The group splits off at a junction and we follow the smaller gang back to their bedsit and then we get into Pleasure Girls territory of getting introduced to the various pairings of characters, as Milena rebuffs the attentions of Phillip leaving him dejected outside her room, while Moises who has designs on Milena himself makes do with Libby, who isn't quite as good at pulling off the chic dress look off as one of the shoulder straps of her dress hanging down limply suggests! The hanging shoulder strap on a dress seems like the signifier that films of this era use to suggest a girl is a little bit promiscuous, childlike and not too in control of her life, and Libby's affection for Moises is one of the bigger subplots of the film, with Moises casually betraying her at every turn until he gets cowed into submission in the final scene, in a final shot that neatly ties up the film without dealing with any of their relationship issues (because of the bigger main plot issues that crop up) but which also suggests that Moises and Libby are arguably the most damaged characters, painfully needing to grow up at the end. (I guess Libby finding another girl in Moises's bed at least gives her material for the blues song that we see her performing!)
Also in the introductory scene we get introduced to Hector, the fey landlord of the bedsits, which was yet another thing that gave me flashbacks to Paddy in The Pleasure Girls. Apparently all London bedsits have to be run by effeminate landlords in this era!
The main action then starts with Milena's fiancé Carson calling from America to try and contact her, but Milena isn't taking any of his calls and seems to hate the prospect of getting married and giving up the single life. Eventually Carson travels to London to see Milena but with the support of all her beatnik friends they give him the runaround to try and get him to leave. Unfortunately Carson decides to call their bluff and rent a room in the bedsit himself until he can see Milena! This is perhaps the weakest section of the film, as its all about performing pranks and being rude to Carson (after a couple of pure beatnik scenes we move fully into Carson's point of view for the rest of the film once he enters), although its really setting up the section of the film that feels the most Antonioni-inspired.
While waiting Milena out and striking out at what proves to be the central party scene which Libby takes him to, Carson strikes up a friendship with Nina (who kind of 'seduces' him by asking him in for a late night cup of tea whilst wearing an amazing oriental style pair of pyjamas!), and while he is distracted we see 'someone' leave Milena's room with a pair of suitcases. Then the rest of the film becomes a kind of fascinating drama-mystery piece. Carson and Nina have a happy morning walk together, the disappearance of Milena entirely forgotten L'Avventura-style, but that is immediately shattered by Phillip committing suicide by throwing himself from the roof of the bedsit into the middle of the group of couples gathered below who had been partly seeming to jokingly egg him on into doing it! (An act that calls back to Moises carelessly flinging himself out of a window in the opening scene)
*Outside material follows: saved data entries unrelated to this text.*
definition digraph :: "'a set \<Rightarrow> ('a \<times> 'a) set \<Rightarrow> bool" where
  "digraph V A \<longleftrightarrow> finite V \<and> A \<subseteq> V \<times> V \<and> (\<forall>x. (x, x) \<notin> A)"

definition adjacent :: "('a \<times> 'a) set \<Rightarrow> 'a \<Rightarrow> 'a \<Rightarrow> bool" where
  "adjacent A x y \<longleftrightarrow> (x, y) \<in> A \<or> (y, x) \<in> A"

text \<open>A path is a nonempty list of distinct vertices with consecutive arcs;
  its length is the number of arcs, i.e. length xs - 1.\<close>

definition is_path :: "('a \<times> 'a) set \<Rightarrow> 'a list \<Rightarrow> bool" where
  "is_path A xs \<longleftrightarrow> xs \<noteq> [] \<and> distinct xs \<and>
     (\<forall>i. Suc i < length xs \<longrightarrow> (xs ! i, xs ! Suc i) \<in> A)"

definition is_path_from_to :: "('a \<times> 'a) set \<Rightarrow> 'a list \<Rightarrow> 'a \<Rightarrow> 'a \<Rightarrow> bool" where
  "is_path_from_to A xs x y \<longleftrightarrow> is_path A xs \<and> hd xs = x \<and> last xs = y"

definition k_quasi_transitive :: "nat \<Rightarrow> ('a \<times> 'a) set \<Rightarrow> bool" where
  "k_quasi_transitive k A \<longleftrightarrow>
     (\<forall>xs. is_path A xs \<and> length xs = k + 1 \<longrightarrow> adjacent A (hd xs) (last xs))"

definition strong :: "'a set \<Rightarrow> ('a \<times> 'a) set \<Rightarrow> bool" where
  "strong V A \<longleftrightarrow> (\<forall>x\<in>V. \<forall>y\<in>V. \<exists>xs. is_path_from_to A xs x y)"

text \<open>Distance: length of a shortest (x,y)-path (only meaningful when one exists).\<close>

definition dist :: "('a \<times> 'a) set \<Rightarrow> 'a \<Rightarrow> 'a \<Rightarrow> nat" where
  "dist A x y = (LEAST n. \<exists>xs. is_path_from_to A xs x y \<and> length xs = n + 1)"

definition diam :: "'a set \<Rightarrow> ('a \<times> 'a) set \<Rightarrow> nat" where
  "diam V A = Max {dist A x y | x y. x \<in> V \<and> y \<in> V}"

definition induced_arcs :: "('a \<times> 'a) set \<Rightarrow> 'a set \<Rightarrow> ('a \<times> 'a) set" where
  "induced_arcs A S = A \<inter> (S \<times> S)"

definition semicomplete :: "'a set \<Rightarrow> ('a \<times> 'a) set \<Rightarrow> bool" where
  "semicomplete V A \<longleftrightarrow> (\<forall>x\<in>V. \<forall>y\<in>V. x \<noteq> y \<longrightarrow> adjacent A x y)"

definition semicomplete_bipartite :: "'a set \<Rightarrow> ('a \<times> 'a) set \<Rightarrow> bool" where
  "semicomplete_bipartite V A \<longleftrightarrow>
     (\<exists>X Y. X \<union> Y = V \<and> X \<inter> Y = {} \<and> X \<noteq> {} \<and> Y \<noteq> {} \<and>
        (\<forall>x\<in>X. \<forall>x'\<in>X. (x, x') \<notin> A) \<and> (\<forall>y\<in>Y. \<forall>y'\<in>Y. (y, y') \<notin> A) \<and>
        (\<forall>x\<in>X. \<forall>y\<in>Y. adjacent A x y))"

end

(*
  Write P = x_0 ... x_{k+2} and call an arc x_j x_i with i < j backward. A shortest path has no
  forward chords, so whenever a path on k + 1 vertices from x_y to x_x can be routed along
  segments of P joined by known backward arcs, k-quasi-transitivity forces the backward arc
  x_y x_x. Starting from the arcs x_{i+k} x_i this yields every backward arc spanning an odd
  distance of at least 3, so vertices at odd distance along P are always adjacent.
  Arcs spanning an even distance stand or fall together: any of them forces x_{k+1} x_0 (by
  pushing it outwards one step at a time), and x_{k+1} x_0 forces all of them (by induction on
  the distance). Hence D[V(P)] is either semicomplete or its adjacencies are exactly the pairs at
  odd distance, i.e. it is semicomplete bipartite with the two index parity classes as sides.
  Reversing P in the converse digraph preserves all hypotheses, which halves the case analysis.
*)

theory Submission
  imports Defs
begin

lemma odd_breakpoint_below:
  fixes k x y :: nat
  assumes "odd k" "x + 4 \<le> y" "y \<le> k - 1" "even (x + y)" "x \<le> 1 \<Longrightarrow> x + 6 \<le> y"
  obtains m where "x + 1 \<le> m" "m + 2 \<le> y" "odd m" "3 \<le> m" "m + 4 \<le> k"
proof -
  have "x \<le> 1 \<or> 2 \<le> x \<and> even x \<or> 3 \<le> x \<and> odd x"
    by presburger
  then consider "x \<le> 1" | "2 \<le> x" "even x" | "3 \<le> x" "odd x"
    by blast
  then show ?thesis
  proof cases
    case 1
    then show ?thesis
      using that[of 3] assms(2,3,5) by auto
  next
    case 2
    then show ?thesis
      using that[of "x + 1"] assms(2,3) by auto
  next
    case 3
    have "y \<noteq> k - 1"
      using 3 assms(1,4) by auto
    then show ?thesis
      using that[of "x + 2"] 3 assms(2,3) by auto
  qed
qed

text \<open>Breakpoints of the path y..a+k, m+1..y-1, x+1..m, a..x on k + 1 vertices, which closes
  the even gap from x to y using the smaller even gap from x + 1 to y - 1 and two odd gaps.\<close>

lemma even_gap_breakpoints:
  fixes k x y :: nat
  assumes "odd k" "5 \<le> k" "x + 4 \<le> y" "y \<le> k + 2" "even (x + y)" "y \<le> x + k - 1"
    and "y = x + 4 \<Longrightarrow> 2 \<le> x \<and> x + 4 \<le> k"
  obtains a m where "a \<le> x" "a \<le> 2" "y \<le> a + k" "x + 1 \<le> m" "m + 2 \<le> y" "odd (a + m)"
    "a + 3 \<le> m" "m + 4 \<le> a + k"
proof -
  have six: "x + 6 \<le> y" if "y \<noteq> x + 4"
    using that assms(3,5) by presburger
  consider "y \<le> k - 1" | "y = k" | "y = k + 1" | "y = k + 2"
    using assms(4) by linarith
  then show ?thesis
  proof cases
    case 1
    then obtain m where "x + 1 \<le> m" "m + 2 \<le> y" "odd m" "3 \<le> m" "m + 4 \<le> k"
      using odd_breakpoint_below[of k x y] assms six by force
    then show ?thesis
      using that[of 0 m] 1 by auto
  next
    case 2
    then have "odd x"
      using assms(1,5) by simp
    then consider "x = 1" | "3 \<le> x"
      by (cases "x = 1") (auto elim: oddE)
    then show ?thesis
    proof cases
      case 1
      then show ?thesis
        using that[of 1 4] \<open>y = k\<close> assms(7) six by force
    next
      case 2
      then show ?thesis
        using that[of 1 "x + 1"] \<open>odd x\<close> \<open>y = k\<close> assms(3) by auto
    qed
  next
    case 3
    then have "even x"
      using assms(1,5) by simp
    then show ?thesis
      using that[of 1 "x + 2"] 3 assms(6,7) six by force
  next
    case 4
    then have "odd x"
      using assms(1,5) by simp
    then show ?thesis
      using that[of 2 "x + 2"] 4 assms(6,7) six by force
  qed
qed

text \<open>R i j stands for the arc x_i x_j between the vertices x_0, ..., x_{k+2} of a shortest path.\<close>

locale kqt_geodesic =
  fixes R :: "nat \<Rightarrow> nat \<Rightarrow> bool" and k :: nat
  assumes odd_k: "odd k" and five_le_k: "5 \<le> k"
    and step: "\<And>i. i < k + 2 \<Longrightarrow> R i (Suc i)"
    and no_forward_chord: "\<And>i j. i < j \<Longrightarrow> j \<le> k + 2 \<Longrightarrow> R i j \<Longrightarrow> j = Suc i"
    and quasi_transitive: "\<And>L. distinct L \<Longrightarrow> set L \<subseteq> {..k + 2} \<Longrightarrow> length L = k + 1 \<Longrightarrow>
      successively R L \<Longrightarrow> R (hd L) (last L) \<or> R (last L) (hd L)"
begin

lemma successively_upt: "b \<le> k + 2 \<Longrightarrow> successively R [a..<Suc b]"
  by (auto simp: successively_conv_nth step simp del: upt_Suc)

lemma back_arc_of_path:
  assumes "distinct L" "set L \<subseteq> {..k + 2}" "length L = k + 1" "successively R L"
    and "hd L = y" "last L = x" "x + 1 < y"
  shows "R y x"
proof -
  have "L \<noteq> []"
    using assms(3) by auto
  then have "y \<le> k + 2"
    using assms(2,5) hd_in_set[of L] by auto
  then show ?thesis
    using quasi_transitive[OF assms(1-4)] no_forward_chord[of x y] assms(5-7) by auto
qed

text \<open>The path y..b1, a2..x consists of forward arcs of the geodesic and the single arc b1 a2;
  once it has k + 1 vertices, quasi-transitivity and the absence of forward chords force the
  backward arc from y to x.\<close>

lemma back_arc_two_segments:
  assumes "R b1 a2"
    and "y \<le> b1" "b1 \<le> k + 2" "a2 \<le> x" "x + 1 < y"
    and "(b1 - y + 1) + (x - a2 + 1) = k + 1"
  shows "R y x"
  by (rule back_arc_of_path[of "[y..<Suc b1] @ [a2..<Suc x]"])
    (use assms in \<open>auto simp: successively_append_iff successively_upt hd_upt last_upt
      simp del: upt_Suc\<close>)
Why did he kill himself, and what has this to do with Milena's disappearance? Was Carson coming to take Milena away the cause? The party the night before is the key to everything and the film itself does a neat little trick of manipulating the details of what happened in the party to match up with the new information being provided by the characters. We initallly flash back to the debauched party and find out that Milena passed out early on and the other jealous girls in the gang decide as a joke to strip her of her clothes ("not so chic now!") and then parade her through the streets on the back of their 'flower van' in a mock burial ceremony before leaving her passed out body next to a building site! There's a wonderful (and tragic in light of later information) shot of Milena underneath her 'blanket shroud' turning and murmuring happily in her sleep.
Then it gets repeated to suggest that Phillip forced himself on the unconscious and naked Milena and that is why he felt suicidally guilty, when she ran off after waking up. All these revelations that re-situate all of the characters are interspersed with scenes of Carson and Nina falling more in love and Milena's father Ben turning up in London himself to search for her.
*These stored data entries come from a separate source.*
lemma mono_power_carrier_mat:
  "X \<in> carrier_mat T n \<Longrightarrow> mono_power X r \<in> carrier_mat ((r + T) choose r) n"
  by (simp add: mono_power_def mat_of_rows_def length_monomial_list)

lemma scalar_prod_col_mono_power:
  fixes X :: "'a::comm_ring_1 mat"
  assumes X: "X \<in> carrier_mat T n" and j: "j < n"
  shows "a \<bullet> col (mono_power X r) j = eval_coeff_poly T r a (list_of_vec (col X j))"
  unfolding eval_coeff_poly_def scalar_prod_def
proof (rule sum.cong)
  show "{0..<dim_vec (col (mono_power X r) j)} = {0..<length (monomial_list T r)}"
    using X by (simp add: mono_power_def)
  fix k assume "k \<in> {0..<length (monomial_list T r)}"
  then have k: "k < length (monomial_list T r)" by simp
  have "(\<Prod>i\<in>#monomial_list T r ! k. X $$ (i, j)) = eval_monomial (monomial_list T r ! k) (list_of_vec (col X j))"
    unfolding eval_monomial_def using monomial_list_nth(1)[OF k] X j
    by (intro arg_cong[where f = prod_mset] image_mset_cong) (auto simp: list_of_vec_index)
  then show "a $ k * col (mono_power X r) j $ k = a $ k * eval_monomial (monomial_list T r ! k) (list_of_vec (col X j))"
    using X j k by (simp add: mono_power_def mat_of_rows_def)
qed

section \<open>Left kernels and rank\<close>

definition left_kernel :: "'a::comm_ring_1 mat \<Rightarrow> 'a vec set" where
  "left_kernel A = {a \<in> carrier_vec (dim_row A). \<forall>j < dim_col A. a \<bullet> col A j = 0}"

lemma left_kernel_mono_power:
  assumes "X \<in> carrier_mat T n"
  shows "left_kernel (mono_power X r) =
    {a \<in> carrier_vec ((r + T) choose r). \<forall>j<n. eval_coeff_poly T r a (list_of_vec (col X j)) = 0}"
  using carrier_matD[OF mono_power_carrier_mat[OF assms]] scalar_prod_col_mono_power[OF assms]
  by (auto simp: left_kernel_def)

lemma (in vec_space) scalar_prod_eq_0_on_span:
  assumes "S \<subseteq> carrier_vec n" and "a \<in> carrier_vec n" and "\<forall>u\<in>S. a \<bullet> u = 0" and "v \<in> span S"
  shows "a \<bullet> v = 0"
proof -
  let ?W = "{v \<in> carrier_vec n. a \<bullet> v = 0}"
  have "LinearCombinations.submodule class_ring ?W V"
    unfolding LinearCombinations.submodule_def using assms(2) module_axioms
    by (auto simp: module_vec_simps scalar_prod_add_distrib[of _ n])
  moreover have "S \<subseteq> ?W" using assms(1,3) by auto
  ultimately have "span S \<subseteq> ?W" using span_is_subset by blast
  then show ?thesis using assms(4) by auto
qed

lemma (in vec_space) exists_indpt_cols_spanning:
  assumes A: "A \<in> carrier_mat n nc"
  shows "\<exists>S \<subseteq> set (cols A). card S = rank A \<and> set (cols A) \<subseteq> span S"
proof -
  let ?C = "set (cols A)"
  have C: "?C \<subseteq> carrier_vec n" using A cols_dim by blast
  obtain S where S: "maximal S (\<lambda>U. U \<subseteq> ?C \<and> lin_indpt U)"
    using maximal_exists[of "\<lambda>U. U \<subseteq> ?C \<and> lin_indpt U" "card ?C" "{}"]
    by (meson List.finite_set card_mono empty_iff empty_subsetI finite_lin_indpt2 rev_finite_subset)
  have SC: "S \<subseteq> ?C" "lin_indpt S" using S unfolding maximal_def by auto
  have "?C \<subseteq> span S"
  proof
    fix c assume c: "c \<in> ?C"
    show "c \<in> span S"
    proof (rule ccontr)
      assume nc: "c \<notin> span S"
      then have "c \<notin> S" using in_own_span[of S] SC C by auto
      then have "lin_indpt (S \<union> {c})" using lin_dep_iff_in_span[of S c] SC C c nc by auto
      then have "S \<union> {c} = S" using S c SC unfolding maximal_def by blast
      then show False using \<open>c \<notin> S\<close> by auto
    qed
  qed
  then show ?thesis using SC(1) rank_card_indpt[OF A S] by auto
qed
Then Milena's body is reported at the morgue. Did she die while wandering the streets after waking up? Its all leading up to a confrontation with Moises to find out, and he gives the 'real' account of what happened at the party - that Milena died of some kind of a drug overdose (hence why we got all of those motionless shots of her earlier in the party scene, in which she just looked stoned and decadently motionless with a cigarette in her hands, but was actually dead! There's a fine line I guess!) and was dead when the other girls took in into their heads to strip her! And Phillip
did take advantage of her, but the cold, dead, unwittingly necrophiliac, kiss was what destroyed him and led to his suicide the next morning! Meanwhile the mock burial unbeknownst to most of the gang actually was a real one! Moises and his buddy Tutzi (whose character already introduced the brutal undercurrent of death into the film with the element of having been crippled in the Second World War), shoo the others away and try to cover up Milena's death as an accident themselves. And it works, as it had fooled the authorities and Milena's father into thinking it was all just an accident.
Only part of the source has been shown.